Since my last post several months back (about the PrimeSense device) I've been doing a lot of work with the Kinect. I've started work on a library that I'm referring to as NuiDotNet which I plan to put on codeplex and that assists you in building applications that integration NUI with the Kinect PrimseSense, WiiMote and voice recognition into your application. As part of trying to get the word out about it, I've decided it's time to start posting about some of the work that I've done with it. I'm also speaking this weekend at Houston Tech Fest 2011 and want to get content out for anyone that attends my session, and if you are there please do come by as I'd love your input.
The first video is one that I'll go over right now is one that shows the Kinect doing hand tracking. Now I've kind of jumped way ahead, well past things like skeleton tracking, to this point. Hand tracking is not something provided by Kinect or it's SDK (or OpenNI), so it involves a lot of custom programming that I will go over in this and subsequent posts. In this video I have placed my right hand about 1.5m from the front of the sensor and am running a simple piece of code written with NuiDotNet. I open and close the hand, as well as extend and retract several of the fingers to show the process in action.
To do this, there are a number of tasks that must be undertaken, on a frame-by-frame basis:
- Get the depth image from the Kinect
- Extract an appropriate view volume from the depth image
- Perform point cluster analysis on the view volume
- Generate an outline from the identified cluster
- Determine center of mass of the cluster
- Perform a modified K-Curvature algorithm to determine the location of the fingers
- From the finger information and K-Curvature results perform a least squares fit of finger outline to determine the direction that the finger is pointing
- Render the visual in WPF
So what does the code look like to do this? I've tried to make it very simple (on top of the covers) with NuiDotNet. The XAML is the following:

Very easy. One canvas, 'canvas', which is for the next demo, and one canvas, 'handCanvas', where NuiDotNet will render the hand. The following is the entirety of the code for the rest of the window, which I hopes to show the simplicity that I'm striving for in NuiDotNet:

Everything in NuiDotNet involves using some tip of [Device]NuiDataSourceFactory, which will create various forms of NUI based data streams for your application. Line 41 creates one for the Kinect. There is actually a layer of abstraction available that will even hide the specific devices from the application, allowing Kinect's and PrimeSense (OpenNI) devices to be specified via configuration, but that's for another post.
Most things in DotNetNUI then revolve around getting a DepthDataSource object, which represents the depth sensor data stream from the device. This is created in line 42. Once a depth sensor stream is available, it can then be passed into a number of other strategy objects or other data sources. In this case, it is passed into a factory method that creates HandDataSource (line 46), which does all the work to track a hand given a depth stream.

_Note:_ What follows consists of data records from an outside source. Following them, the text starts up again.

lemma sum_level_count_weighted:
  "(\<Sum>j<Suc M. level_count q j * q ^ (Suc M - j)) = q ^ (2 * M + 2) + q ^ (2 * M + 1) - 2 * q ^ (M + 1)"
proof (induction M)
  case (Suc M)
  have "(\<Sum>j<Suc M. level_count q j * q ^ (Suc (Suc M) - j))
      = q * (\<Sum>j<Suc M. level_count q j * q ^ (Suc M - j))"
    unfolding sum_distrib_left by (intro sum.cong refl) (simp add: Suc_diff_le)
  then have "(\<Sum>j<Suc (Suc M). level_count q j * q ^ (Suc (Suc M) - j))
      = q * (q ^ (2 * M + 2) + q ^ (2 * M + 1) - 2 * q ^ (M + 1)) + level_count q (Suc M) * q"
    using Suc by simp
  then show ?case
    by (simp add: level_count_def algebra_simps power_add power2_eq_square)
qed (simp add: level_count_def algebra_simps power2_eq_square)

lemma level_count_identity:
  "(\<Sum>j<Suc M. level_count q j * (q ^ (Suc M - j) - 1)) = (q ^ Suc M - 1)\<^sup>2"
proof -
  have "(\<Sum>j<Suc M. level_count q j * (q ^ (Suc M - j) - 1))
      = (\<Sum>j<Suc M. level_count q j * q ^ (Suc M - j)) - (\<Sum>j<Suc M. level_count q j)"
    by (simp add: sum_subtractf right_diff_distrib)
  also have "\<dots> = (q ^ Suc M - 1)\<^sup>2"
    unfolding sum_level_count_weighted sum_level_count
    by (simp add: algebra_simps power2_eq_square power_add power_mult)
  finally show ?thesis .
qed

lemma level_count_unique:
  fixes c :: "nat \<Rightarrow> nat" and q m :: nat
  assumes q: "q \<ge> 2"
    and eqs: "\<And>N. 1 \<le> N \<Longrightarrow> N \<le> m \<Longrightarrow> (\<Sum>j<N. c j * (q ^ (N - j) - 1)) = (q ^ N - 1) * (q ^ N - 1)"
  shows "j < m \<Longrightarrow> real (c j) = level_count (real q) j"
proof (induction j rule: less_induct)
  case (less j)
  have real_diff: "real (q ^ k - 1) = real q ^ k - 1" for k
    using q one_le_power[of q k] by simp
  have "real (\<Sum>i<Suc j. c i * (q ^ (Suc j - i) - 1)) = real ((q ^ Suc j - 1) * (q ^ Suc j - 1))"
    using eqs[of "Suc j"] less.prems by simp
  then have "(\<Sum>i<Suc j. real (c i) * (real q ^ (Suc j - i) - 1)) = (real q ^ Suc j - 1)\<^sup>2"
    by (simp only: of_nat_sum of_nat_mult real_diff power2_eq_square)
  then have "(\<Sum>i<j. real (c i) * (real q ^ (Suc j - i) - 1)) + real (c j) * (real q - 1)
      = (real q ^ Suc j - 1)\<^sup>2"
    by simp
  moreover have "(\<Sum>i<j. real (c i) * (real q ^ (Suc j - i) - 1))
      = (\<Sum>i<j. level_count (real q) i * (real q ^ (Suc j - i) - 1))"
    using less.IH less.prems by (intro sum.cong refl) auto
  moreover have "(\<Sum>i<j. level_count (real q) i * (real q ^ (Suc j - i) - 1))
      + level_count (real q) j * (real q - 1) = (real q ^ Suc j - 1)\<^sup>2"
    using level_count_identity[of "real q" j] by simp
  ultimately have "real (c j) * (real q - 1) = level_count (real q) j * (real q - 1)"
    by linarith
  moreover have "real q - 1 \<noteq> 0"
    using q by simp
  ultimately show ?case
    by simp
qed

section \<open>Counting in subspaces\<close>

lemma card_mult_image: "\<alpha> \<noteq> 0 \<Longrightarrow> card ((\<lambda>x. \<alpha> * x) ` V) = card V"
  for \<alpha> :: "'a::field"
  by (intro card_image inj_onI) auto

lemma card_fibers_eq:
  assumes "finite A" and "\<And>y. y \<in> f ` A \<Longrightarrow> card {x \<in> A. f x = y} = c"
  shows "card A = card (f ` A) * c"
proof -
  have "card A = (\<Sum>x\<in>A. 1)"
    by simp
  also have "\<dots> = (\<Sum>y\<in>f ` A. \<Sum>x\<in>{x \<in> A. f x = y}. 1)"
    by (rule sum.group[symmetric]) (use assms(1) in auto)
  also have "\<dots> = (\<Sum>y\<in>f ` A. c)"
    using assms(2) by (intro sum.cong refl) simp
  finally show ?thesis
    by simp
qed

context
  fixes K :: "'a::{field,finite} set"
  assumes K: "is_subfield K"
begin

text \<open>The fibres of the addition map \<open>U \<times> A \<rightarrow> U + A\<close> are the translates of \<open>U \<inter> A\<close>.\<close>

lemma card_subspace_sum:
  assumes U: "is_subspace K U" and A: "is_subspace K A"
  shows "card U * card A = card {u + a | u a. u \<in> U \<and> a \<in> A} * card (U \<inter> A)"
proof -
  let ?P = "{u + a | u a. u \<in> U \<and> a \<in> A}"
  have "card (U \<times> A) = card ((\<lambda>(u, a). u + a) ` (U \<times> A)) * card (U \<inter> A)"
  proof (rule card_fibers_eq)
    fix z assume "z \<in> (\<lambda>(u, a). u + a) ` (U \<times> A)"
    then obtain u0 a0 where z: "z = u0 + a0" "u0 \<in> U" "a0 \<in> A"
      by auto
    have "{x \<in> U \<times> A. (\<lambda>(u, a). u + a) x = z} = (\<lambda>c. (u0 + c, a0 - c)) ` (U \<inter> A)"
    proof
      show "{x \<in> U \<times> A. (\<lambda>(u, a). u + a) x = z} \<subseteq> (\<lambda>c. (u0 + c, a0 - c)) ` (U \<inter> A)"
      proof
        fix x assume "x \<in> {x \<in> U \<times> A. (\<lambda>(u, a). u + a) x = z}"
        then obtain u a where x: "x = (u, a)" and ua: "u \<in> U" "a \<in> A" "u + a = z"
          by auto
        have "u - u0 \<in> U" "a0 - a \<in> A" "u - u0 = a0 - a"
          using is_subspace_diff[OF K U ua(1) z(2)] is_subspace_diff[OF K A z(3) ua(2)] ua(3) z(1)
          by (simp_all add: algebra_simps)
        moreover have "x = (u0 + (u - u0), a0 - (u - u0))"
          using x ua(3) z(1) by (simp add: algebra_simps)
        ultimately show "x \<in> (\<lambda>c. (u0 + c, a0 - c)) ` (U \<inter> A)"
          by (intro image_eqI[of _ _ "u - u0"]) auto
      qed
      show "(\<lambda>c. (u0 + c, a0 - c)) ` (U \<inter> A) \<subseteq> {x \<in> U \<times> A. (\<lambda>(u, a). u + a) x = z}"
        using is_subspace_add[OF U z(2)] is_subspace_diff[OF K A z(3)] z(1) by auto
    qed
    also have "card \<dots> = card (U \<inter> A)"
      by (intro card_image inj_onI) auto
    finally show "card {x \<in> U \<times> A. (\<lambda>(u, a). u + a) x = z} = card (U \<inter> A)" .
  qed simp
  moreover have "(\<lambda>(u, a). u + a) ` (U \<times> A) = ?P"
    by auto
  ultimately show ?thesis
    by (simp add: card_cartesian_product)
qed

lemma card_subspace_Int_ge:
  assumes "is_subspace K U" "is_subspace K A" "is_subspace K B" "U \<subseteq> B" "A \<subseteq> B"
  shows "card U * card A \<le> card B * card (U \<inter> A)"
proof -
  have "{u + a | u a. u \<in> U \<and> a \<in> A} \<subseteq> B"
    using assms(3-5) is_subspace_add[OF assms(3)] by blast
  then have "card {u + a | u a. u \<in> U \<and> a \<in> A} \<le> card B"
    by (intro card_mono) auto
  then show ?thesis
    unfolding card_subspace_sum[OF assms(1,2)] by (rule mult_right_mono) simp
qed

lemma card_subspace_Int_ge_index:
  assumes "is_subspace K U" "is_subspace K A" "is_subspace K B" "U \<subseteq> B" "A \<subseteq> B"
    and "card B = c * card A"
  shows "card U \<le> c * card (U \<inter> A)"
proof -
  have "card U * card A \<le> (c * card (U \<inter> A)) * card A"
    using card_subspace_Int_ge[OF assms(1-5)] assms(6) by (simp add: algebra_simps)
  moreover have "card A > 0"
    using is_subspace_0[OF assms(2)] by (auto simp: card_gt_0_iff)
  ultimately show ?thesis
    by simp
qed

lemma is_subfield_stabilizer:
  assumes V: "is_subspace K V"
  shows "is_subfield {\<gamma>. (\<lambda>x. \<gamma> * x) ` V \<subseteq> V}"
proof (rule is_subfieldI_finite)
  show "0 \<in> {\<gamma>. (\<lambda>x. \<gamma> * x) ` V \<subseteq> V}" "1 \<in> {\<gamma>. (\<lambda>x. \<gamma> * x) ` V \<subseteq> V}"
    using is_subspace_0[OF V] by auto
  fix x y assume "x \<in> {\<gamma>. (\<lambda>x. \<gamma> * x) ` V \<subseteq> V}" "y \<in> {\<gamma>. (\<lambda>x. \<gamma> * x) ` V \<subseteq> V}"
  then have x: "\<And>v. v \<in> V \<Longrightarrow> x * v \<in> V" and y: "\<And>v. v \<in> V \<Longrightarrow> y * v \<in> V"
    by auto
  show "x + y \<in> {\<gamma>. (\<lambda>x. \<gamma> * x) ` V \<subseteq> V}"
    using is_subspace_add[OF V x y] by (auto simp: distrib_right)
  show "x * y \<in> {\<gamma>. (\<lambda>x. \<gamma> * x) ` V \<subseteq> V}"
    using x y by (auto simp: mult.assoc)
  show "- x \<in> {\<gamma>. (\<lambda>x. \<gamma> * x) ` V \<subseteq> V}"
    using is_subspace_uminus[OF K V x] by auto
qed

end

section \<open>The orbit code of S\<close>

locale orbit_construction =
  fixes Fq :: "'a::{field,finite} set" and q n t l m k :: nat and lam b :: 'a and Sbar S :: "'a set"
  assumes card_UNIV: "card (UNIV :: 'a set) = q ^ n"
    and Fq: "is_subfield Fq" and card_Fq: "card Fq = q"
    and t_def: "t = dim_over Fq (field_adjoin Fq lam)"
    and Sbar: "is_subspace (field_adjoin Fq lam) Sbar"
    and dim_Sbar: "dim_over (field_adjoin Fq lam) Sbar = l" and l_pos: "l > 0"
    and t_eq: "t = 2 * m + 1" and m_pos: "m > 0"
    and k_def: "k = t * l + m" and k_le_n: "k \<le> n"
    and S_def: "S = {x + b * w | x w. x \<in> Sbar \<and> w \<in> span_over Fq {lam ^ j | j. j < m}}"
    and span_S: "span_over (field_adjoin Fq lam) S = UNIV"
    and FWS: "is_FWS Fq k S (t * l - 1)"
begin

abbreviation "L \<equiv> field_adjoin Fq lam"
abbreviation "W \<equiv> power_span Fq lam m"

lemma L: "is_subfield L"
  by (rule is_subfield_field_adjoin[OF Fq])

lemma q_ge_2: "q \<ge> 2"
  using is_subfield_card_ge_2[OF Fq] card_Fq by simp

lemma q_power_eq_iff: "q ^ a = q ^ c \<longleftrightarrow> a = c"
  using q_ge_2 by simp

lemma q_power_less_iff: "q ^ a < q ^ c \<longleftrightarrow> a < c"
  using q_ge_2 by simp

lemma q_power_le_iff: "q ^ a \<le> q ^ c \<longleftrightarrow> a \<le> c"
  using q_ge_2 by simp

lemma card_L: "card L = q ^ t"
  using card_is_subspace[OF Fq is_subspace_subfield[OF Fq L field_adjoin_base]] t_def card_Fq
  by simp

lemma card_Sbar: "card Sbar = q ^ (t * l)"
  using card_is_subspace[OF L Sbar] dim_Sbar card_L by (simp add: power_mult)

lemma card_W: "card W = q ^ m"
  using card_power_span[OF Fq, of lam t m] card_L card_Fq t_eq by simp

lemma S_eq: "S = {x + b * w | x w. x \<in> Sbar \<and> w \<in> W}"
  unfolding S_def power_span_eq_span_over[OF Fq] ..

lemma W_subset_L: "W \<subseteq> L"
  by (rule power_span_subset_field_adjoin[OF Fq])

lemma Sbar_subset_S: "Sbar \<subseteq> S"
  unfolding S_eq using is_subspace_0[OF is_subspace_power_span[OF Fq]] by force

text \<open>If \<open>b \<in> Sbar\<close>, then S would lie in the L-subspace Sbar, which is too small to span
  the whole field; hence \<open>Sbar \<inter> b L = {0}\<close>.\<close>

lemma decomposition_unique:
  assumes "x1 \<in> Sbar" "x2 \<in> Sbar" "w1 \<in> L" "w2 \<in> L" "x1 + b * w1 = x2 + b * w2"
  shows "x1 = x2 \<and> w1 = w2"
proof (rule ccontr)
  assume "\<not> (x1 = x2 \<and> w1 = w2)"
  then have "w2 - w1 \<noteq> 0"
    using assms(5) by auto
  have "b * (w2 - w1) = x1 - x2"
    using assms(5) by (simp add: algebra_simps)
  then have "b * (w2 - w1) \<in> Sbar"
    using is_subspace_diff[OF L Sbar assms(1,2)] by simp
  then have "inverse (w2 - w1) * (b * (w2 - w1)) \<in> Sbar"
    using is_subspace_scale[OF Sbar] is_subfield_inverse[OF L] is_subfield_diff[OF L assms(4,3)]
    by blast
  moreover have "inverse (w2 - w1) * (b * (w2 - w1)) = b"
    using \<open>w2 - w1 \<noteq> 0\<close> by simp
  ultimately have "b \<in> Sbar"
    by simp
  then have "S \<subseteq> Sbar"
    unfolding S_eq using W_subset_L is_subspace_add[OF Sbar] is_subspace_scale[OF Sbar]
    by (force simp: mult.commute)
  then have "Sbar = UNIV"
    using span_over_minimal[OF Sbar] span_S by blast
  then have "n = t * l"
    using card_UNIV card_Sbar q_power_eq_iff by simp
  then show False
    using k_def k_le_n m_pos by simp
qed

lemma card_decomposition:
  assumes "A \<subseteq> L"
  shows "card ((\<lambda>(x, w). x + b * w) ` (Sbar \<times> A)) = card Sbar * card A"
proof -
  have "inj_on (\<lambda>(x, w). x + b * w) (Sbar \<times> A)"
  proof (rule inj_onI)
    fix p p' assume "p \<in> Sbar \<times> A" "p' \<in> Sbar \<times> A"
      "(\<lambda>(x, w). x + b * w) p = (\<lambda>(x, w). x + b * w) p'"
    then show "p = p'"
      using decomposition_unique[of "fst p" "fst p'" "snd p" "snd p'"] assms
      by (cases p, cases p') auto
  qed
  then show ?thesis
    by (simp add: card_image card_cartesian_product)
qed

lemma card_S: "card S = q ^ k"
proof -
  have "S = (\<lambda>(x, w). x + b * w) ` (Sbar \<times> W)"
    unfolding S_eq by auto
  then show ?thesis
    using card_decomposition[OF W_subset_L] card_Sbar card_W k_def by (simp add: power_add)
qed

The hand data source takes several other parameters, a Clustering Parameter and Hand Parameter. A cluster parameter defines how to look at the depth data to find a hand. This particular subclass will find the point nearest the sensor and construct a view volume from that point to 500mm further back in the depth stream. The 75 parameter effectively specifies the "floor", below which the data is ignored; this is useful if you are sitting at a desk like I am. The hand parameters specify various options for the K-Curvature algorithm, which I'll not get into at this point.
NuiDotNet then provides a number of visualizers that can be used to render various data streams. In this scenario, in lines 48 - 54, a hand visualizer is created, specifying what canvas to render to, which hand data source to render, and which visual elements of the hand are to be drawn; in this case, I want to see the center of the palm, finger tips (the blue dots), finger tip rays (blue vectors/rays extending from the finger), and the contour of the hand.
It's that simple :)
To close this post, I include the following video is a small extension of the application to map the hand movement to the entire window, and using the pointing vector and hand location to determine if the ray from the finger tip would intersect any of the rectangles in the window, effectively showing how this can be used to select items in the application without actually grabbing (grabbing itself is supported by NuiDotNet and will be covered in a subsequent post):
This is a fairly simple extension using NuiDotNet constructs. I'm not going to get in to the details of ray intersections with rectangles, but how this is done is by hooking into the hand data sources NewHandDataAvailable event, which is passed a hand object, which has properties such as PalmCenter and FingerTips, and a FingerTip object also has a vector representing the direction that it is pointing. Handling this event it is then possible to determine with ray/line intersection algorithms which item the finger is pointing at.